All of the data is to be restated word for word.

BEGIN Input for this task

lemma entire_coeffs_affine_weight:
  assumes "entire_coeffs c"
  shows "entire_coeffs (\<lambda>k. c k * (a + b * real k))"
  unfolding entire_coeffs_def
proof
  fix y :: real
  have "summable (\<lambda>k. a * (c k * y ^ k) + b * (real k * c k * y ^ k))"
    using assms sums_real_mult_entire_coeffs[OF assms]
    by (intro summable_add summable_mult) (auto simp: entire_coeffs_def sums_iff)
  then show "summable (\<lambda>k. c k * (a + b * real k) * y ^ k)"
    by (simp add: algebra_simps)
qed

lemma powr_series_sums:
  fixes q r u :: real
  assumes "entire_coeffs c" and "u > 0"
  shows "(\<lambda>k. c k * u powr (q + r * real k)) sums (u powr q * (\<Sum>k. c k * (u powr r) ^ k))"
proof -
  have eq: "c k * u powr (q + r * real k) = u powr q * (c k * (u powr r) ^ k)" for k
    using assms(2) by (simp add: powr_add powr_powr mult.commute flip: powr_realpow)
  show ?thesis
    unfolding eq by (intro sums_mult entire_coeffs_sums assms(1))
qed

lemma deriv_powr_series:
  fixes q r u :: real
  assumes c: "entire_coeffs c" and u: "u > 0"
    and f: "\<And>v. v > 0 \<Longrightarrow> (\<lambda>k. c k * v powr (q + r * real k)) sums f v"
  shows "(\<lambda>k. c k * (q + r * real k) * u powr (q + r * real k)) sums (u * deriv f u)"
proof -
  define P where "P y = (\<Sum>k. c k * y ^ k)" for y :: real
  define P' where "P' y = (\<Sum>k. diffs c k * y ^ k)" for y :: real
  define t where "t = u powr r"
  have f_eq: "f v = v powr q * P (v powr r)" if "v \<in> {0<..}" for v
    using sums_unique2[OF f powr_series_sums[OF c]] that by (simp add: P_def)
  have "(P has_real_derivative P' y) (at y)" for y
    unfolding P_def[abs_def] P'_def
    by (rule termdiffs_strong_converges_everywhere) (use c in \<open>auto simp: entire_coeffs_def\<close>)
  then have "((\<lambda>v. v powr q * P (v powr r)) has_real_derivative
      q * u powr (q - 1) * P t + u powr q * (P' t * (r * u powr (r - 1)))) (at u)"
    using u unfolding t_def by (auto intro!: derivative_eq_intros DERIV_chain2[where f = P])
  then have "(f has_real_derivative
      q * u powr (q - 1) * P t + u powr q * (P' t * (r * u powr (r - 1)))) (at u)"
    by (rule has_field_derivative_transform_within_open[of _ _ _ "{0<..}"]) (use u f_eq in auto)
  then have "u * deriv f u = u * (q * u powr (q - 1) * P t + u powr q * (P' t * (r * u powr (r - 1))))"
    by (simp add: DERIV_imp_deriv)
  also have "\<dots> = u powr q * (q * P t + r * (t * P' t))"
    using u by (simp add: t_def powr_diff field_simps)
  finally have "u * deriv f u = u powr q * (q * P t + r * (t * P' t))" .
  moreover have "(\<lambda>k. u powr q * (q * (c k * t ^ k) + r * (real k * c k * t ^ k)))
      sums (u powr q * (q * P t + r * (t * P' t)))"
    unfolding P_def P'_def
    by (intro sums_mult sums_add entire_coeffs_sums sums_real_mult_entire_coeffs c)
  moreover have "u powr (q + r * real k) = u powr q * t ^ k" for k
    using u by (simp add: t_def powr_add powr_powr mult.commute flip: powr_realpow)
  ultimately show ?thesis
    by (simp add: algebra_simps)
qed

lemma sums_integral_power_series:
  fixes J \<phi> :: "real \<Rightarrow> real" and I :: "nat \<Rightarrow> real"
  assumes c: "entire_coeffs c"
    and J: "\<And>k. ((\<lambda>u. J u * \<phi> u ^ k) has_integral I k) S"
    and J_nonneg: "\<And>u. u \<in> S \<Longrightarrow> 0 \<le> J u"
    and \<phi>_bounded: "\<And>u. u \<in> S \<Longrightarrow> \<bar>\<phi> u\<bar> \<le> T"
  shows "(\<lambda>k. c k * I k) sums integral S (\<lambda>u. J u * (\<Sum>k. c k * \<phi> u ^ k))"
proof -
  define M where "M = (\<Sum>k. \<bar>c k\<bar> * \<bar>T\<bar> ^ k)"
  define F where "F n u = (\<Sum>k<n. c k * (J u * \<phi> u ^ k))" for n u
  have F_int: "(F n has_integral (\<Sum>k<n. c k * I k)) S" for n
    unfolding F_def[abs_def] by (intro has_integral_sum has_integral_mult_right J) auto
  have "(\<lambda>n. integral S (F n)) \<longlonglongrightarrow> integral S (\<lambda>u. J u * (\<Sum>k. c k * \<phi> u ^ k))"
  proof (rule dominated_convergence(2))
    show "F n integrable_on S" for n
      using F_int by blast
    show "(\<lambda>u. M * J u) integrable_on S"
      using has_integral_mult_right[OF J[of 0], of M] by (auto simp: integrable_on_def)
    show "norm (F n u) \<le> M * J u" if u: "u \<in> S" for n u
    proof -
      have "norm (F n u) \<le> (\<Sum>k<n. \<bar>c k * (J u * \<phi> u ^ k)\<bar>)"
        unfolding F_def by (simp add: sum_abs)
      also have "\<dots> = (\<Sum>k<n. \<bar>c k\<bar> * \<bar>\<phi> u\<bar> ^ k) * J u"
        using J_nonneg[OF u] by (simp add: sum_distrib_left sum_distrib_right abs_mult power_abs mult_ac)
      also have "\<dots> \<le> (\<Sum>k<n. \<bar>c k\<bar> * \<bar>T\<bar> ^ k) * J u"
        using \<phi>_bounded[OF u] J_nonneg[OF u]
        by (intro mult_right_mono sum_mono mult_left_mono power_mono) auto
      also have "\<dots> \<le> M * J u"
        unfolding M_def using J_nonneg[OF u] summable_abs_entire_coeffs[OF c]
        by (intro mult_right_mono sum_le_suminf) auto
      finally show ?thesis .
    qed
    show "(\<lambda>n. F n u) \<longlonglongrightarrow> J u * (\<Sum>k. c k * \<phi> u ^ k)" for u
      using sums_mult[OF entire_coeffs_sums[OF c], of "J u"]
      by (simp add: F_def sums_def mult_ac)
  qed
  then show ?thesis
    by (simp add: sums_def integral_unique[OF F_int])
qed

END Input for this task

- _Solved problem_:
lemma entire_coeffs_affine_weight:
  assumes "entire_coeffs c"
  shows "entire_coeffs (\<lambda>k. c k * (a + b * real k))"
  unfolding entire_coeffs_def
proof
  fix y :: real
  have "summable (\<lambda>k. a * (c k * y ^ k) + b * (real k * c k * y ^ k))"
    using assms sums_real_mult_entire_coeffs[OF assms]
    by (intro summable_add summable_mult) (auto simp: entire_coeffs_def sums_iff)
  then show "summable (\<lambda>k. c k * (a + b * real k) * y ^ k)"
    by (simp add: algebra_simps)
qed

lemma powr_series_sums:
  fixes q r u :: real
  assumes "entire_coeffs c" and "u > 0"
  shows "(\<lambda>k. c k * u powr (q + r * real k)) sums (u powr q * (\<Sum>k. c k * (u powr r) ^ k))"
proof -
  have eq: "c k * u powr (q + r * real k) = u powr q * (c k * (u powr r) ^ k)" for k
    using assms(2) by (simp add: powr_add powr_powr mult.commute flip: powr_realpow)
  show ?thesis
    unfolding eq by (intro sums_mult entire_coeffs_sums assms(1))
qed

lemma deriv_powr_series:
  fixes q r u :: real
  assumes c: "entire_coeffs c" and u: "u > 0"
    and f: "\<And>v. v > 0 \<Longrightarrow> (\<lambda>k. c k * v powr (q + r * real k)) sums f v"
  shows "(\<lambda>k. c k * (q + r * real k) * u powr (q + r * real k)) sums (u * deriv f u)"
proof -
  define P where "P y = (\<Sum>k. c k * y ^ k)" for y :: real
  define P' where "P' y = (\<Sum>k. diffs c k * y ^ k)" for y :: real
  define t where "t = u powr r"
  have f_eq: "f v = v powr q * P (v powr r)" if "v \<in> {0<..}" for v
    using sums_unique2[OF f powr_series_sums[OF c]] that by (simp add: P_def)
  have "(P has_real_derivative P' y) (at y)" for y
    unfolding P_def[abs_def] P'_def
    by (rule termdiffs_strong_converges_everywhere) (use c in \<open>auto simp: entire_coeffs_def\<close>)
  then have "((\<lambda>v. v powr q * P (v powr r)) has_real_derivative
      q * u powr (q - 1) * P t + u powr q * (P' t * (r * u powr (r - 1)))) (at u)"
    using u unfolding t_def by (auto intro!: derivative_eq_intros DERIV_chain2[where f = P])
  then have "(f has_real_derivative
      q * u powr (q - 1) * P t + u powr q * (P' t * (r * u powr (r - 1)))) (at u)"
    by (rule has_field_derivative_transform_within_open[of _ _ _ "{0<..}"]) (use u f_eq in auto)
  then have "u * deriv f u = u * (q * u powr (q - 1) * P t + u powr q * (P' t * (r * u powr (r - 1))))"
    by (simp add: DERIV_imp_deriv)
  also have "\<dots> = u powr q * (q * P t + r * (t * P' t))"
    using u by (simp add: t_def powr_diff field_simps)
  finally have "u * deriv f u = u powr q * (q * P t + r * (t * P' t))" .
  moreover have "(\<lambda>k. u powr q * (q * (c k * t ^ k) + r * (real k * c k * t ^ k)))
      sums (u powr q * (q * P t + r * (t * P' t)))"
    unfolding P_def P'_def
    by (intro sums_mult sums_add entire_coeffs_sums sums_real_mult_entire_coeffs c)
  moreover have "u powr (q + r * real k) = u powr q * t ^ k" for k
    using u by (simp add: t_def powr_add powr_powr mult.commute flip: powr_realpow)
  ultimately show ?thesis
    by (simp add: algebra_simps)
qed

lemma sums_integral_power_series:
  fixes J \<phi> :: "real \<Rightarrow> real" and I :: "nat \<Rightarrow> real"
  assumes c: "entire_coeffs c"
    and J: "\<And>k. ((\<lambda>u. J u * \<phi> u ^ k) has_integral I k) S"
    and J_nonneg: "\<And>u. u \<in> S \<Longrightarrow> 0 \<le> J u"
    and \<phi>_bounded: "\<And>u. u \<in> S \<Longrightarrow> \<bar>\<phi> u\<bar> \<le> T"
  shows "(\<lambda>k. c k * I k) sums integral S (\<lambda>u. J u * (\<Sum>k. c k * \<phi> u ^ k))"
proof -
  define M where "M = (\<Sum>k. \<bar>c k\<bar> * \<bar>T\<bar> ^ k)"
  define F where "F n u = (\<Sum>k<n. c k * (J u * \<phi> u ^ k))" for n u
  have F_int: "(F n has_integral (\<Sum>k<n. c k * I k)) S" for n
    unfolding F_def[abs_def] by (intro has_integral_sum has_integral_mult_right J) auto
  have "(\<lambda>n. integral S (F n)) \<longlonglongrightarrow> integral S (\<lambda>u. J u * (\<Sum>k. c k * \<phi> u ^ k))"
  proof (rule dominated_convergence(2))
    show "F n integrable_on S" for n
      using F_int by blast
    show "(\<lambda>u. M * J u) integrable_on S"
      using has_integral_mult_right[OF J[of 0], of M] by (auto simp: integrable_on_def)
    show "norm (F n u) \<le> M * J u" if u: "u \<in> S" for n u
    proof -
      have "norm (F n u) \<le> (\<Sum>k<n. \<bar>c k * (J u * \<phi> u ^ k)\<bar>)"
        unfolding F_def by (simp add: sum_abs)
      also have "\<dots> = (\<Sum>k<n. \<bar>c k\<bar> * \<bar>\<phi> u\<bar> ^ k) * J u"
        using J_nonneg[OF u] by (simp add: sum_distrib_left sum_distrib_right abs_mult power_abs mult_ac)
      also have "\<dots> \<le> (\<Sum>k<n. \<bar>c k\<bar> * \<bar>T\<bar> ^ k) * J u"
        using \<phi>_bounded[OF u] J_nonneg[OF u]
        by (intro mult_right_mono sum_mono mult_left_mono power_mono) auto
      also have "\<dots> \<le> M * J u"
        unfolding M_def using J_nonneg[OF u] summable_abs_entire_coeffs[OF c]
        by (intro mult_right_mono sum_le_suminf) auto
      finally show ?thesis .
    qed
    show "(\<lambda>n. F n u) \<longlonglongrightarrow> J u * (\<Sum>k. c k * \<phi> u ^ k)" for u
      using sums_mult[OF entire_coeffs_sums[OF c], of "J u"]
      by (simp add: F_def sums_def mult_ac)
  qed
  then show ?thesis
    by (simp add: sums_def integral_unique[OF F_int])
qed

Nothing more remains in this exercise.